The head of Verizon's consumer business said that the operator's newest batch of unlimited pricing plans are primarily designed for 4G users, and that Verizon could launch different pricing options specific to 5G services in the next year or two.
Verizon's Ronan Dunne described the operator's new unlimited pricing options -- which stretch across five different plans -- as "really a 4G play today." He said the plans can be used by early adopters for 5G, "but from a scale point of view it's very much 4G."
That will change, Dunne said, as Verizon builds out its 5G coverage footprint. "What we will see over the next 18 to 24 months is the delivery of distinct 5G experiences," he said during an appearance at an investor event today. "And honestly, whether that's a premium on the standard plan or whether it's specific, tailored plans, I can envisage for example a gamer's plan.
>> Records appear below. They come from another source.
(* Consider $N$ users indexed by $\mathcal{U}=\{1,\dots,N\}$ with fixed channel power gains $h_1,\dots,h_N>0$, noise variance $\eta>0$, target throughputs $\theta_1,\dots,\theta_N>0$, and strategy sets $\mathcal{P}^i=[0,P_i^{max}]$ with $P_i^{max}>0$. For $\mathbf{P}\in\prod_i\mathcal{P}^i$ let $r_i(\mathbf{P})=\log_2\!\big(1+\frac{h_iP_i}{\eta+\sum_{j\neq i}h_jP_j}\big)$, and suppose the set $\mathcal{S}$ of profiles with $r_i(\mathbf{P})\ge\theta_i$ for all $i$ is non-empty. Let $\mathbf{P}^+$ be the efficient satisfaction equilibrium, i.e. the minimizer of $\sum_iP_i$ over $\mathcal{S}$. If for users $i,j$ we have $\theta_i\le\theta_j$, then $P_i^+h_i\le P_j^+h_j$. *)

theory Defs
  imports Complex_Main
begin

text \<open>Users are indexed by {1..N}; a power profile is a function nat => real
  (only its values on {1..N} matter).\<close>

definition rate :: "nat \<Rightarrow> (nat \<Rightarrow> real) \<Rightarrow> real \<Rightarrow> (nat \<Rightarrow> real) \<Rightarrow> nat \<Rightarrow> real" where
  "rate N h \<eta> P i =
     log 2 (1 + h i * P i / (\<eta> + (\<Sum>j\<in>{1..N} - {i}. h j * P j)))"

definition feasible_profiles :: "nat \<Rightarrow> (nat \<Rightarrow> real) \<Rightarrow> real \<Rightarrow> (nat \<Rightarrow> real) \<Rightarrow> (nat \<Rightarrow> real) \<Rightarrow> (nat \<Rightarrow> real) set" where
  "feasible_profiles N h \<eta> \<theta> Pmax =
     {P. (\<forall>i\<in>{1..N}. 0 \<le> P i \<and> P i \<le> Pmax i) \<and>
         (\<forall>i\<in>{1..N}. rate N h \<eta> P i \<ge> \<theta> i)}"

definition efficient_SE :: "nat \<Rightarrow> (nat \<Rightarrow> real) \<Rightarrow> real \<Rightarrow> (nat \<Rightarrow> real) \<Rightarrow> (nat \<Rightarrow> real) \<Rightarrow> (nat \<Rightarrow> real) \<Rightarrow> bool" where
  "efficient_SE N h \<eta> \<theta> Pmax P \<longleftrightarrow>
     P \<in> feasible_profiles N h \<eta> \<theta> Pmax \<and>
     (\<forall>Q\<in>feasible_profiles N h \<eta> \<theta> Pmax. (\<Sum>k\<in>{1..N}. P k) \<le> (\<Sum>k\<in>{1..N}. Q k))"

end

theory Submission
  imports Defs
begin

text \<open>If h i P i > h j P j held at the efficient equilibrium, lower
  P i until h i P i = h j P j. Nobody else's interference grows, and user i now sees exactly
  the signal of user j against no more interference than j sees (all received powers except
  its own, the larger one), so i still reaches \<theta> j \<ge> \<theta> i. The profile stays feasible with
  strictly smaller total power, contradicting efficiency.\<close>

lemma log2_one_plus_div_mono:
  fixes s s' d d' :: real
  assumes "0 \<le> s" "s \<le> s'" "0 < d'" "d' \<le> d"
  shows "log 2 (1 + s / d) \<le> log 2 (1 + s' / d')"
proof -
  have "s / d \<le> s' / d'" using assms by (intro frac_le) auto
  moreover have "0 \<le> s / d" using assms by auto
  ultimately show ?thesis by (subst log_le_cancel_iff) auto
qed

lemma interference_pos:
  fixes h P :: "nat \<Rightarrow> real"
  assumes "\<forall>k\<in>{1..N}. h k > 0" "\<eta> > 0" "\<forall>k\<in>{1..N}. 0 \<le> P k"
  shows "0 < \<eta> + (\<Sum>k\<in>{1..N} - {i}. h k * P k)"
proof -
  have "0 \<le> (\<Sum>k\<in>{1..N} - {i}. h k * P k)"
    using assms by (intro sum_nonneg) (simp add: less_imp_le)
  with \<open>\<eta> > 0\<close> show ?thesis by linarith
qed

lemma rate_mono_lower_others:
  assumes h: "\<forall>k\<in>{1..N}. h k > 0" and "\<eta> > 0" and "i \<in> {1..N}"
    and Q_nonneg: "\<forall>k\<in>{1..N}. 0 \<le> Q k" and Q_le: "\<forall>k\<in>{1..N}. Q k \<le> P k"
    and own: "Q i = P i"
  shows "rate N h \<eta> P i \<le> rate N h \<eta> Q i"
  unfolding rate_def
proof (rule log2_one_plus_div_mono)
  show "0 \<le> h i * P i" using assms by (metis less_imp_le mult_nonneg_nonneg)
  show "h i * P i \<le> h i * Q i" using own by simp
  show "0 < \<eta> + (\<Sum>k\<in>{1..N} - {i}. h k * Q k)"
    using interference_pos assms by blast
  have "(\<Sum>k\<in>{1..N} - {i}. h k * Q k) \<le> (\<Sum>k\<in>{1..N} - {i}. h k * P k)"
    using h Q_le by (intro sum_mono mult_left_mono) (auto intro: less_imp_le)
  then show "\<eta> + (\<Sum>k\<in>{1..N} - {i}. h k * Q k) \<le> \<eta> + (\<Sum>k\<in>{1..N} - {i}. h k * P k)"
    by simp
qed

text \<open>Both interference terms are the total received power minus one's own received power.\<close>

lemma rate_le_rate_of_stronger_user:
  assumes h: "\<forall>k\<in>{1..N}. h k > 0" and "\<eta> > 0" and P_nonneg: "\<forall>k\<in>{1..N}. 0 \<le> P k"
    and i: "i \<in> {1..N}" and j: "j \<in> {1..N}"
    and weaker: "h j * P j \<le> h i * P i" and signal: "h j * P j \<le> h i * q"
  shows "rate N h \<eta> P j \<le> rate N h \<eta> (P(i := q)) i"
  unfolding rate_def
proof (rule log2_one_plus_div_mono)
  show "0 \<le> h j * P j" using h P_nonneg j by (simp add: less_imp_le)
  show "h j * P j \<le> h i * (P(i := q)) i" using signal by simp
  have same: "(\<Sum>k\<in>{1..N} - {i}. h k * (P(i := q)) k) = (\<Sum>k\<in>{1..N} - {i}. h k * P k)"
    by (intro sum.cong) auto
  then show "0 < \<eta> + (\<Sum>k\<in>{1..N} - {i}. h k * (P(i := q)) k)"
    using interference_pos assms by metis
  have "(\<Sum>k\<in>{1..N} - {i}. h k * P k) \<le> (\<Sum>k\<in>{1..N} - {j}. h k * P k)"
    using weaker i j by (simp add: sum_diff1)
  with same show "\<eta> + (\<Sum>k\<in>{1..N} - {i}. h k * (P(i := q)) k)
      \<le> \<eta> + (\<Sum>k\<in>{1..N} - {j}. h k * P k)"
    by simp
qed

lemma feasible_lower_stronger_user:
  assumes h: "\<forall>k\<in>{1..N}. h k > 0" and "\<eta> > 0"
    and P: "P \<in> feasible_profiles N h \<eta> \<theta> Pmax"
    and i: "i \<in> {1..N}" and j: "j \<in> {1..N}"
    and "\<theta> i \<le> \<theta> j" and stronger: "h j * P j < h i * P i"
  shows "P(i := h j * P j / h i) \<in> feasible_profiles N h \<eta> \<theta> Pmax"
proof -
  define Q where "Q = P(i := h j * P j / h i)"
  have bounds: "\<forall>k\<in>{1..N}. 0 \<le> P k \<and> P k \<le> Pmax k"
    and rates: "\<forall>k\<in>{1..N}. \<theta> k \<le> rate N h \<eta> P k"
    using P unfolding feasible_profiles_def by auto
  have hi: "h i > 0" and hj: "h j > 0" using h i j by auto
  have Qi: "h i * Q i = h j * P j" using hi by (simp add: Q_def)
  have "0 \<le> Q i" using hi hj bounds j by (simp add: Q_def)
  moreover have "Q i < P i" using Qi stronger hi by (metis mult_less_cancel_left_pos)
  ultimately have Q_nonneg: "\<forall>k\<in>{1..N}. 0 \<le> Q k" and Q_le: "\<forall>k\<in>{1..N}. Q k \<le> P k"
    using bounds by (auto simp: Q_def)
  have "\<theta> k \<le> rate N h \<eta> Q k" if k: "k \<in> {1..N}" for k
  proof (cases "k = i")
    case True
    have "rate N h \<eta> P j \<le> rate N h \<eta> Q i"
      unfolding Q_def using assms bounds Qi[unfolded Q_def]
      by (intro rate_le_rate_of_stronger_user) auto
    with rates j \<open>\<theta> i \<le> \<theta> j\<close> True show ?thesis by fastforce
  next
    case False
    then have "rate N h \<eta> P k \<le> rate N h \<eta> Q k"
      using assms k Q_nonneg Q_le by (intro rate_mono_lower_others) (auto simp: Q_def)
    with rates k show ?thesis by fastforce
  qed
  with Q_nonneg Q_le bounds show ?thesis
    unfolding Q_def[symmetric] feasible_profiles_def by force
qed

theorem proposition3:
  fixes N :: nat and h \<theta> Pmax Pp :: "nat \<Rightarrow> real" and \<eta> :: real and i j :: nat
  assumes h_pos: "\<forall>k\<in>{1..N}. h k > 0"
    and eta_pos: "\<eta> > 0"
    and theta_pos: "\<forall>k\<in>{1..N}. \<theta> k > 0"
    and Pmax_pos: "\<forall>k\<in>{1..N}. Pmax k > 0"
    and S_nonempty: "feasible_profiles N h \<eta> \<theta> Pmax \<noteq> {}"
    and eff: "efficient_SE N h \<eta> \<theta> Pmax Pp"
    and i: "i \<in> {1..N}" and j: "j \<in> {1..N}"
    and le: "\<theta> i \<le> \<theta> j"
  shows "Pp i * h i \<le> Pp j * h j"
proof (rule ccontr)
  assume "\<not> ?thesis"
  then have stronger: "h j * Pp j < h i * Pp i" by (simp add: mult.commute)
  define Q where "Q = Pp(i := h j * Pp j / h i)"
  have feasible: "Pp \<in> feasible_profiles N h \<eta> \<theta> Pmax"
    and minimal: "\<forall>R\<in>feasible_profiles N h \<eta> \<theta> Pmax. (\<Sum>k\<in>{1..N}. Pp k) \<le> (\<Sum>k\<in>{1..N}. R k)"
    using eff unfolding efficient_SE_def by auto
  have "Q \<in> feasible_profiles N h \<eta> \<theta> Pmax"
    unfolding Q_def using h_pos eta_pos feasible i j le stronger
    by (rule feasible_lower_stronger_user)
  moreover have "(\<Sum>k\<in>{1..N}. Q k) < (\<Sum>k\<in>{1..N}. Pp k)"
  proof (rule sum_strict_mono_ex1)
    have "Q i < Pp i" using stronger h_pos i by (simp add: Q_def pos_divide_less_eq mult.commute)
    then show "\<forall>k\<in>{1..N}. Q k \<le> Pp k" and "\<exists>k\<in>{1..N}. Q k < Pp k"
      using i by (auto simp: Q_def)
  qed simp
  ultimately show False using minimal by fastforce
qed

end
I can envisage a day trader's plan, someone who wants to leverage ultra-low latency, certainty of access. So what might happen is some of the plan features will evolve, or it might be that some services will be B2B2C so that it will come with ultra-low latency when you buy an online gaming package from a third-party gaming company. So I think we'll see more evolution of the models."
Such comments dovetail with similar statements from executives at AT&T, who have hinted at the possibility of charging for 5G based on speeds.
Importantly, Dunne said one of the first 5G spaces that Verizon might invest in is the "live entertainment" space. He hinted at 5G technologies at stadiums that would allow attendees to view information about players on their phones via 5G-powered real time augmented reality -- essentially allowing fans to hold up their phone and see players' stats on top of live video from the venue. Already Verizon partner Intel has released a detailed white paper along these lines.
Cheaper 5G phones
And in terms of phones, Dunne acknowledged that Verizon's 5G lineup today sits squarely in the "premium" category (meaning, really expensive). He said that Verizon would offer a "significant" number of "mid price point" 5G phones in the early part of next year -- he said prices for those phones would sit around $800.
Finally, Dunne again addressed a nagging question about Verizon's 5G buildout strategy, which currently focuses on deploying small pockets of coverage in outdoor, downtown metro areas. Dunne explained that those are the areas where Verizon sees the most traffic, which is why the operator is deploying 5G in its millimeter-wave spectrum there first. But he reiterated that "we will have nationwide coverage of 5G," though he did not say when or how Verizon would expand its 5G footprint.